[Items from a data source]
=== Section Start ===

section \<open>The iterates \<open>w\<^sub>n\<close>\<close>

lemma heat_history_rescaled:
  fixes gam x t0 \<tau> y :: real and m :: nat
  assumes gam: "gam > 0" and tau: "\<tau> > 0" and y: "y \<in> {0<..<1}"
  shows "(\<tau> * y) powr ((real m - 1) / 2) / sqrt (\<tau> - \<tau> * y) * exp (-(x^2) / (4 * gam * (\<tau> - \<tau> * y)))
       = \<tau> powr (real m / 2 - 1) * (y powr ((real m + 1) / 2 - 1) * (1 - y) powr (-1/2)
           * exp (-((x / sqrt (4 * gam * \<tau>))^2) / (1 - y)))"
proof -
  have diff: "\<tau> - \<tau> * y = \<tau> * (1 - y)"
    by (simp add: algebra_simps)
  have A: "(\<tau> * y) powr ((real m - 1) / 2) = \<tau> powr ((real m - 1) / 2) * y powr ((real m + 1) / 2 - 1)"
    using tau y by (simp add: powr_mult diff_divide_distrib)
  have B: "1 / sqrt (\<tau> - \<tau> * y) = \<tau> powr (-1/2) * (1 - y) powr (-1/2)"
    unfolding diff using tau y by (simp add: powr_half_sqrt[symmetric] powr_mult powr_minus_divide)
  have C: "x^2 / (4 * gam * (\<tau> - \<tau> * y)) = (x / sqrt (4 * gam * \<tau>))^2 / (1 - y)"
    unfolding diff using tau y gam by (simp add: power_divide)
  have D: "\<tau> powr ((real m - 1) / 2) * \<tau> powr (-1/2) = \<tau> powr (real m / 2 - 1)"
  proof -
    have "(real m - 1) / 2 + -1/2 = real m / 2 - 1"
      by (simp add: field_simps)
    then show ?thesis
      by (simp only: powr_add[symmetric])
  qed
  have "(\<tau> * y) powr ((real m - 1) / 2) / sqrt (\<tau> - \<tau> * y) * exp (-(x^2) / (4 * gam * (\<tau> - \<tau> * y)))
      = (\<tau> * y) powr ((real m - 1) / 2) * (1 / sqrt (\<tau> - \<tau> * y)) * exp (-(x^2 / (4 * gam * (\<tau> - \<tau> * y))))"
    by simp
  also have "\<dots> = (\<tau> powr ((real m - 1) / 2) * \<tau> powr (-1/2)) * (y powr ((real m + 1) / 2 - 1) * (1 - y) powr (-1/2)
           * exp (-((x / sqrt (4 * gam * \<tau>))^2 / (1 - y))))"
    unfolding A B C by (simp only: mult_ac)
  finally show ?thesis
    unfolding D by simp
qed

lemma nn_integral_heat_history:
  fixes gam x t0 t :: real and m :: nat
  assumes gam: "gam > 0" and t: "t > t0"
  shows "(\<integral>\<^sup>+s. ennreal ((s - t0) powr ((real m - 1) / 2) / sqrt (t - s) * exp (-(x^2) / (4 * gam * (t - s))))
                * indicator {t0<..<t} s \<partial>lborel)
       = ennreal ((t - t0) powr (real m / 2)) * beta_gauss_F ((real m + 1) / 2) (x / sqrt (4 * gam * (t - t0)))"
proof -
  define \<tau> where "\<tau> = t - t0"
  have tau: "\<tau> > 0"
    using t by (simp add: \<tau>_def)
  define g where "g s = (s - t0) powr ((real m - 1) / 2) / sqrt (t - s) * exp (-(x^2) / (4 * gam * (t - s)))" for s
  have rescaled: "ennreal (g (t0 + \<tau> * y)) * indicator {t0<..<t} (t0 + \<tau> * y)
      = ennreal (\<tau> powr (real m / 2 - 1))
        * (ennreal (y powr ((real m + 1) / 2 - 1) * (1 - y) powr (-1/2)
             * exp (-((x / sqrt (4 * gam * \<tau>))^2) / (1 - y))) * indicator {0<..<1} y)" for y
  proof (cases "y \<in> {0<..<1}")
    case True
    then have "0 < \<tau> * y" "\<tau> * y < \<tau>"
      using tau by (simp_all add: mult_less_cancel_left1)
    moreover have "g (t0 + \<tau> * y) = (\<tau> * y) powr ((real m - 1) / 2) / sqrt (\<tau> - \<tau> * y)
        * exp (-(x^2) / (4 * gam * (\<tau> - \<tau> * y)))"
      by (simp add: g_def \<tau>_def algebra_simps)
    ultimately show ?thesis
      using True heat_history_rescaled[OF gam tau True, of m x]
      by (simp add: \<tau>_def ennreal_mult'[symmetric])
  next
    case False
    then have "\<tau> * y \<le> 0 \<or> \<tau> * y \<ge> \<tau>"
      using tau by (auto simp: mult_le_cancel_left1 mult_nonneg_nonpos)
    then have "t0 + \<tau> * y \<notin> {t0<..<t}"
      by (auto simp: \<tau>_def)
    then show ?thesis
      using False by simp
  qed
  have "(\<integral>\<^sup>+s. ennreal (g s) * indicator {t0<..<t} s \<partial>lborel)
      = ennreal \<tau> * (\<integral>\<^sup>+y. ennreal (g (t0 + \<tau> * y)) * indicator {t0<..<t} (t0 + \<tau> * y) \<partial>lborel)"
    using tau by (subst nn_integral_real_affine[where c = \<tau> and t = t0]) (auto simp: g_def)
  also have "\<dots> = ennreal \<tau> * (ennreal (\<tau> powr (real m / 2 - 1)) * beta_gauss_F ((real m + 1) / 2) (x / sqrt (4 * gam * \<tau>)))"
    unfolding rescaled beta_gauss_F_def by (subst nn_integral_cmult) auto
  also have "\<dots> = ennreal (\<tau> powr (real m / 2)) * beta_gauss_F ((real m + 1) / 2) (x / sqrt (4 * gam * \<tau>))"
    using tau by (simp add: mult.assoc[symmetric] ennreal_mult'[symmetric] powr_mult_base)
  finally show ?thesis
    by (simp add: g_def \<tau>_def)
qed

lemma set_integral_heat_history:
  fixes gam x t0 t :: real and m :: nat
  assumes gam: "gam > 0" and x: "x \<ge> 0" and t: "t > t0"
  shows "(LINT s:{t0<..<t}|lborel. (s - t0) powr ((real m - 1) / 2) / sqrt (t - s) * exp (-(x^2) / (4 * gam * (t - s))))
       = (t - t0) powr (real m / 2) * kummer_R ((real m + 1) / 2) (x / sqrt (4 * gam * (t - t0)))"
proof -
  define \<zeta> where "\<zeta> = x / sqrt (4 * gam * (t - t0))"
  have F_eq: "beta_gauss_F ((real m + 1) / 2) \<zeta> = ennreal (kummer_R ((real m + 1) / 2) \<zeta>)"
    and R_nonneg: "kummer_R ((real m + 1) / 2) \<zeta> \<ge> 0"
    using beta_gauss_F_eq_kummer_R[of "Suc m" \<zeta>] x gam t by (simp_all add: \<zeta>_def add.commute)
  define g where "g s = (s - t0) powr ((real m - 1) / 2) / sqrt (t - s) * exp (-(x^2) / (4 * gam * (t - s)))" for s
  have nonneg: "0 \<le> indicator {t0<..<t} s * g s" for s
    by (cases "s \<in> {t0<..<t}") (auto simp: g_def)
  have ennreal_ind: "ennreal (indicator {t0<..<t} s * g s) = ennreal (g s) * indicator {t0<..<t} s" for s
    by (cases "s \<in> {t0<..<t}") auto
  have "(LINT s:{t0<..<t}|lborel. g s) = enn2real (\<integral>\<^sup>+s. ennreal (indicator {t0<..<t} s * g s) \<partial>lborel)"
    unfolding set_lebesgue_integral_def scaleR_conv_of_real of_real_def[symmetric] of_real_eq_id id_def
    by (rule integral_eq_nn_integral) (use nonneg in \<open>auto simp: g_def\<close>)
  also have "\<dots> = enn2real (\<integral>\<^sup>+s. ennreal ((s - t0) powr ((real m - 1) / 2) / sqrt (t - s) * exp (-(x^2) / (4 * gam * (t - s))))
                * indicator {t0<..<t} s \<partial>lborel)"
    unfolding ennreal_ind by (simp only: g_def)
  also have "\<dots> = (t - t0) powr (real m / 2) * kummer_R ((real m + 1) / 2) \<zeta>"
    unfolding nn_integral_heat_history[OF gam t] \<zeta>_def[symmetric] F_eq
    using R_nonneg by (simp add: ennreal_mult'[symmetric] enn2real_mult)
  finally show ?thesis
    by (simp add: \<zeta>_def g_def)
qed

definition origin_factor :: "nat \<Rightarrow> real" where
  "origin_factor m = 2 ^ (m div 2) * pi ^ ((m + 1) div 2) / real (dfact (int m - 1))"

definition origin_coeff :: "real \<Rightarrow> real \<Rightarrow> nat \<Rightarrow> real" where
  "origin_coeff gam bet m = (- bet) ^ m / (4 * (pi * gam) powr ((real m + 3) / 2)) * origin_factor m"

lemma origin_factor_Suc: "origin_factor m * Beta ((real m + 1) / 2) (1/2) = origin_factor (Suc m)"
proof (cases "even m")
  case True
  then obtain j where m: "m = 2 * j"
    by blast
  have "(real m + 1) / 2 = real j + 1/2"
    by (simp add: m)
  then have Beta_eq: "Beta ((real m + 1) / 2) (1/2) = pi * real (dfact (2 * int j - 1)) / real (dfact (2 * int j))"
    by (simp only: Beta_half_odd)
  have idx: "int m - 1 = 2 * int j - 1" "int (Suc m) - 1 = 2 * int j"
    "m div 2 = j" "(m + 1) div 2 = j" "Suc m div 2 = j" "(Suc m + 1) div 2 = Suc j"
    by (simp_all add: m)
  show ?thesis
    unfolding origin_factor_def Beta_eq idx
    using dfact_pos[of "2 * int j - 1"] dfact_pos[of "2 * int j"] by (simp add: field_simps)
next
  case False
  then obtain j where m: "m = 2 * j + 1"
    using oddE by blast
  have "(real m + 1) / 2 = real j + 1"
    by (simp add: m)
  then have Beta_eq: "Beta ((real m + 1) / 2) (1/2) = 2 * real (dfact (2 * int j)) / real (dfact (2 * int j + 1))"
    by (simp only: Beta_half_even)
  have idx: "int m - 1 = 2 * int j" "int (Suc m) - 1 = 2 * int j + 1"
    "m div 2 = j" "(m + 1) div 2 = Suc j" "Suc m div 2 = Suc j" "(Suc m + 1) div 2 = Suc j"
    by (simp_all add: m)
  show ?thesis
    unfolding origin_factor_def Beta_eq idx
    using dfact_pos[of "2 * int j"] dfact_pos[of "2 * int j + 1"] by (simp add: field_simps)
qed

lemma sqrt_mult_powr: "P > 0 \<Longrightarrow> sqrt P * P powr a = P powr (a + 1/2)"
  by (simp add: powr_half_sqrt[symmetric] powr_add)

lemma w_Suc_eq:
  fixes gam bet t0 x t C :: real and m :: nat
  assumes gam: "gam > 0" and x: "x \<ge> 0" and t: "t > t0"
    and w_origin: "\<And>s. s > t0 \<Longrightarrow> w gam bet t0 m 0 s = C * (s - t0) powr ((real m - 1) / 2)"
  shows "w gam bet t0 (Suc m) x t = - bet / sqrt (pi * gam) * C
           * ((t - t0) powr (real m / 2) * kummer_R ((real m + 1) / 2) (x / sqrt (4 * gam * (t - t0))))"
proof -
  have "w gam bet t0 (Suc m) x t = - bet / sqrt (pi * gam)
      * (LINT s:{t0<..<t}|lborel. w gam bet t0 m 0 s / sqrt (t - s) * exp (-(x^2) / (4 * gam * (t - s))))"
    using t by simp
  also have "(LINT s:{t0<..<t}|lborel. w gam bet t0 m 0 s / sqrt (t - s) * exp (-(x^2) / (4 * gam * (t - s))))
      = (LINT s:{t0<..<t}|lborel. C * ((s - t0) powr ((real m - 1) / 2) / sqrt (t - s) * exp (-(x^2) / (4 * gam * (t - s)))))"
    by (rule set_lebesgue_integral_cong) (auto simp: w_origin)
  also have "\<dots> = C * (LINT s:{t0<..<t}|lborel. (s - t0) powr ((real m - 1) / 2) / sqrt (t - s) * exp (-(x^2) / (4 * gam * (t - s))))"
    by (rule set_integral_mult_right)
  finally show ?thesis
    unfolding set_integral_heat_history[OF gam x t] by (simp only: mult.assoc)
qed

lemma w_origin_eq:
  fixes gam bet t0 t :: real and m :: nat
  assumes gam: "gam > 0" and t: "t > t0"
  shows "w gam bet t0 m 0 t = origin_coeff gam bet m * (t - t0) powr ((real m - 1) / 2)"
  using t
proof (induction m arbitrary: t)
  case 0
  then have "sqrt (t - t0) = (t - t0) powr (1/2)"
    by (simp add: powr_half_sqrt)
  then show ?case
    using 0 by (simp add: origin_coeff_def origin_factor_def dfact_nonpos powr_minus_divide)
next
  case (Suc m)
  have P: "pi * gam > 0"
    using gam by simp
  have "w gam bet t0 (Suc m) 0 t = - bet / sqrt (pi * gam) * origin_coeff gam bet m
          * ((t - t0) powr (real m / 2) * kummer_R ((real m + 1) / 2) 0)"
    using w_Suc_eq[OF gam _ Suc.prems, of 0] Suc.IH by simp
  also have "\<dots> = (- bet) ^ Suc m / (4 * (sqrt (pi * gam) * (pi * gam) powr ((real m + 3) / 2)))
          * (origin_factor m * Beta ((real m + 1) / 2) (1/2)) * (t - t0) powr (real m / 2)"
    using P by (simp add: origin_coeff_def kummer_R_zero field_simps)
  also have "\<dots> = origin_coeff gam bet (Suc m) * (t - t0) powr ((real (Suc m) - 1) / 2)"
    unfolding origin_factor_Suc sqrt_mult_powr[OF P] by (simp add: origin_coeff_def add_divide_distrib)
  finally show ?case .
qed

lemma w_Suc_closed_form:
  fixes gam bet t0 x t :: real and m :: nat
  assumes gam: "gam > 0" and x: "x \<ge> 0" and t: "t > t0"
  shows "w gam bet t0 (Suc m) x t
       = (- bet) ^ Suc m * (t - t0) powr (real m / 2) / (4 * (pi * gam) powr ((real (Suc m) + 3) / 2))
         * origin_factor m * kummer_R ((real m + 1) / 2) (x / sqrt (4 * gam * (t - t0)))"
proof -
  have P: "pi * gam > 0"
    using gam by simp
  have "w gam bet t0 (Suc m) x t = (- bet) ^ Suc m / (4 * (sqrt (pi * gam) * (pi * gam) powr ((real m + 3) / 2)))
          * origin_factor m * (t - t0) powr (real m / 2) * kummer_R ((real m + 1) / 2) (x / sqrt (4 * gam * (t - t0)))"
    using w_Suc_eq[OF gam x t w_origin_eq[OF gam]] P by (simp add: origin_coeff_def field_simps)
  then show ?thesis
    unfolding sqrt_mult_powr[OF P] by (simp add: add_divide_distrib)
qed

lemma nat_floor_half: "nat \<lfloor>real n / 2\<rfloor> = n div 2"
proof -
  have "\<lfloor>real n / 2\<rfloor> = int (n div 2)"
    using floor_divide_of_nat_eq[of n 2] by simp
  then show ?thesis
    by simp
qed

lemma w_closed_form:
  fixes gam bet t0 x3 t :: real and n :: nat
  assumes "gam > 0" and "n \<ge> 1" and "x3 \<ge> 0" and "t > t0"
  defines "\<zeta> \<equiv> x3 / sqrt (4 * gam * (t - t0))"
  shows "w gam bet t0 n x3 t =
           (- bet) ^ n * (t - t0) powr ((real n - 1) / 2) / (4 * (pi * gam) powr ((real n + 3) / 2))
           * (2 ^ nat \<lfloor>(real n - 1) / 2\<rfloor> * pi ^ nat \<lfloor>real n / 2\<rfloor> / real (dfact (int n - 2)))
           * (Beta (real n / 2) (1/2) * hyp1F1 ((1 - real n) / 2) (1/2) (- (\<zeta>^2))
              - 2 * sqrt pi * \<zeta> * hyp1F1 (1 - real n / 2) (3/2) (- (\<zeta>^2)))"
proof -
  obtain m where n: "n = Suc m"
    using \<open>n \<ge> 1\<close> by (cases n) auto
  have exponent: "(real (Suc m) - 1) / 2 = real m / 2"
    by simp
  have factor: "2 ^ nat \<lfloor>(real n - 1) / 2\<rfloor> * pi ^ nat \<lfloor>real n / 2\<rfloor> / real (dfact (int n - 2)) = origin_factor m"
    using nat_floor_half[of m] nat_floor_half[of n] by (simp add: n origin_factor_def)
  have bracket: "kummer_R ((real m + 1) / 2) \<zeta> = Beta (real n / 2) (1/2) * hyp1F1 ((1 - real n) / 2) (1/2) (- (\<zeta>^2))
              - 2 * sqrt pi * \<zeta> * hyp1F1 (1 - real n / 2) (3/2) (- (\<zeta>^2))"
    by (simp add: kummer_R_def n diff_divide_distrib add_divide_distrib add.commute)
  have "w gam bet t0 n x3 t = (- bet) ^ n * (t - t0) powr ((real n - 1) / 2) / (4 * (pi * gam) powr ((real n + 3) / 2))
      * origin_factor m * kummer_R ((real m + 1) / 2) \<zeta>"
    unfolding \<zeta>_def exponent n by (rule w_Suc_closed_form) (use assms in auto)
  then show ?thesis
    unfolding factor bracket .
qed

=== Section End ===
=== Section Start ===

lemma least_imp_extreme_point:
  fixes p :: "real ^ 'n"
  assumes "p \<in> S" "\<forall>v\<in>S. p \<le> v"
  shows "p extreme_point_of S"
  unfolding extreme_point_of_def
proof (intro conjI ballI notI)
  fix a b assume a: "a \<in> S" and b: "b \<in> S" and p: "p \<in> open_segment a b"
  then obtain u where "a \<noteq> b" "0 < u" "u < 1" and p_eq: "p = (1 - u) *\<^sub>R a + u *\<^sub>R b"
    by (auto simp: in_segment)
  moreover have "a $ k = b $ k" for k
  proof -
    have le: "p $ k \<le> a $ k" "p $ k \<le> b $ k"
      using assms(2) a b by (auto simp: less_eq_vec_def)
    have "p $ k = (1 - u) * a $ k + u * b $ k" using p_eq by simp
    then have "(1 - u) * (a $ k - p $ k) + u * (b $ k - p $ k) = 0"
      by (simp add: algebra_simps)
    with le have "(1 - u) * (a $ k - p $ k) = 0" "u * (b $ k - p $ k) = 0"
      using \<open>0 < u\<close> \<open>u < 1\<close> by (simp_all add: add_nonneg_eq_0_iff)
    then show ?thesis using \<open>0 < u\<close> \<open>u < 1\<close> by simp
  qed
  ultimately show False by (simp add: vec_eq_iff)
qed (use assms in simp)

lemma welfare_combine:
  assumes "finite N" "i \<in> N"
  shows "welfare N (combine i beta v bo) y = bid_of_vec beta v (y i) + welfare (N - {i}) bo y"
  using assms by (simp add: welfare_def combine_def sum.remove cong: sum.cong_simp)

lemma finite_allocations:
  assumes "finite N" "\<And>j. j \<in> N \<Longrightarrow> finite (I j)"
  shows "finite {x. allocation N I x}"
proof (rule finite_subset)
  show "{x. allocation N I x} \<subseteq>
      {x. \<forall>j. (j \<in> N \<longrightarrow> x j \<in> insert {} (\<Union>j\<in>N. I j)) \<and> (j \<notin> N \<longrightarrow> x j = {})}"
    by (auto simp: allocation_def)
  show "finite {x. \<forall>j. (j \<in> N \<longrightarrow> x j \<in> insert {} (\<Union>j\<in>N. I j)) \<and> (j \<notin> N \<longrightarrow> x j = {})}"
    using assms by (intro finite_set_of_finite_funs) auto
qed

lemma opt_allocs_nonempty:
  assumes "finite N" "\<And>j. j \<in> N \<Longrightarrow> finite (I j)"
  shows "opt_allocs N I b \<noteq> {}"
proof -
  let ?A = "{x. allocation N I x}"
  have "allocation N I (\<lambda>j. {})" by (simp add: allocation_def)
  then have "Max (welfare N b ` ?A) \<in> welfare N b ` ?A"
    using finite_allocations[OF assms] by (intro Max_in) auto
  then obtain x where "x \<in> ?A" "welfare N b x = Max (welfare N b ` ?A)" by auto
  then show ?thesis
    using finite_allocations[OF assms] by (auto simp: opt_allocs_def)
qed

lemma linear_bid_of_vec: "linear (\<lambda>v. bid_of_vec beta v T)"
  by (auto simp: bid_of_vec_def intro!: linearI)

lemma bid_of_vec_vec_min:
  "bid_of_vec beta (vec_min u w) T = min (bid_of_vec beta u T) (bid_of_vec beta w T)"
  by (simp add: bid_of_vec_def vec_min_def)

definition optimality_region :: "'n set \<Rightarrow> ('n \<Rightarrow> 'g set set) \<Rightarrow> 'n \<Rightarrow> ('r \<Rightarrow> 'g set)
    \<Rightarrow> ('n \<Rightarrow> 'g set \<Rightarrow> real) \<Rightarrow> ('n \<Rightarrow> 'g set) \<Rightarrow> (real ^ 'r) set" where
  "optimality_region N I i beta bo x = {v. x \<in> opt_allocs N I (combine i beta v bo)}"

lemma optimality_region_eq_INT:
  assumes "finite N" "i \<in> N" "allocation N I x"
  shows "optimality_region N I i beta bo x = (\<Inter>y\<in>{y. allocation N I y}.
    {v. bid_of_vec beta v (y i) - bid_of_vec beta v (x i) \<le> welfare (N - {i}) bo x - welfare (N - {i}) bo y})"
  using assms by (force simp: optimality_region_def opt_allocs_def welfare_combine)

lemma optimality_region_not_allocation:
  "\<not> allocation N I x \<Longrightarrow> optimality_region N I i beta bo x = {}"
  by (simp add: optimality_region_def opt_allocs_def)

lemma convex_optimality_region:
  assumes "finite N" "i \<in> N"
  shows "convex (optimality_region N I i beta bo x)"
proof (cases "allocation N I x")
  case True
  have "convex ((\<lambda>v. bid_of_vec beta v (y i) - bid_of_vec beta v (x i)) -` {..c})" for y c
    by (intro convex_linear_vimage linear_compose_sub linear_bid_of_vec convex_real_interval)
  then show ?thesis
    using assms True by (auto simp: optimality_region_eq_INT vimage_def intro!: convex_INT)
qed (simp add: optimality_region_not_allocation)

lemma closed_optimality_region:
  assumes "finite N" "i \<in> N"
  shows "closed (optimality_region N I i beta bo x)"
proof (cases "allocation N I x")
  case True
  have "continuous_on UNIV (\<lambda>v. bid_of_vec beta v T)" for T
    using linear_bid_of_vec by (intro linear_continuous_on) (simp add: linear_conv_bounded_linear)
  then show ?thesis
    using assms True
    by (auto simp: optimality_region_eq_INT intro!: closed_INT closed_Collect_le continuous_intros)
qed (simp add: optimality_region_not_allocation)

=== Section End ===

Problem description:
Copy the lines above exactly, beginning at the line that has "with le have" and stopping after the line that has "('r \<Rightarrow> 'g set)", and omit the rest.

Output for this exercise:
    with le have "(1 - u) * (a $ k - p $ k) = 0" "u * (b $ k - p $ k) = 0"
      using \<open>0 < u\<close> \<open>u < 1\<close> by (simp_all add: add_nonneg_eq_0_iff)
    then show ?thesis using \<open>0 < u\<close> \<open>u < 1\<close> by simp
  qed
  ultimately show False by (simp add: vec_eq_iff)
qed (use assms in simp)

lemma welfare_combine:
  assumes "finite N" "i \<in> N"
  shows "welfare N (combine i beta v bo) y = bid_of_vec beta v (y i) + welfare (N - {i}) bo y"
  using assms by (simp add: welfare_def combine_def sum.remove cong: sum.cong_simp)

lemma finite_allocations:
  assumes "finite N" "\<And>j. j \<in> N \<Longrightarrow> finite (I j)"
  shows "finite {x. allocation N I x}"
proof (rule finite_subset)
  show "{x. allocation N I x} \<subseteq>
      {x. \<forall>j. (j \<in> N \<longrightarrow> x j \<in> insert {} (\<Union>j\<in>N. I j)) \<and> (j \<notin> N \<longrightarrow> x j = {})}"
    by (auto simp: allocation_def)
  show "finite {x. \<forall>j. (j \<in> N \<longrightarrow> x j \<in> insert {} (\<Union>j\<in>N. I j)) \<and> (j \<notin> N \<longrightarrow> x j = {})}"
    using assms by (intro finite_set_of_finite_funs) auto
qed

lemma opt_allocs_nonempty:
  assumes "finite N" "\<And>j. j \<in> N \<Longrightarrow> finite (I j)"
  shows "opt_allocs N I b \<noteq> {}"
proof -
  let ?A = "{x. allocation N I x}"
  have "allocation N I (\<lambda>j. {})" by (simp add: allocation_def)
  then have "Max (welfare N b ` ?A) \<in> welfare N b ` ?A"
    using finite_allocations[OF assms] by (intro Max_in) auto
  then obtain x where "x \<in> ?A" "welfare N b x = Max (welfare N b ` ?A)" by auto
  then show ?thesis
    using finite_allocations[OF assms] by (auto simp: opt_allocs_def)
qed

lemma linear_bid_of_vec: "linear (\<lambda>v. bid_of_vec beta v T)"
  by (auto simp: bid_of_vec_def intro!: linearI)

lemma bid_of_vec_vec_min:
  "bid_of_vec beta (vec_min u w) T = min (bid_of_vec beta u T) (bid_of_vec beta w T)"
  by (simp add: bid_of_vec_def vec_min_def)

definition optimality_region :: "'n set \<Rightarrow> ('n \<Rightarrow> 'g set set) \<Rightarrow> 'n \<Rightarrow> ('r \<Rightarrow> 'g set)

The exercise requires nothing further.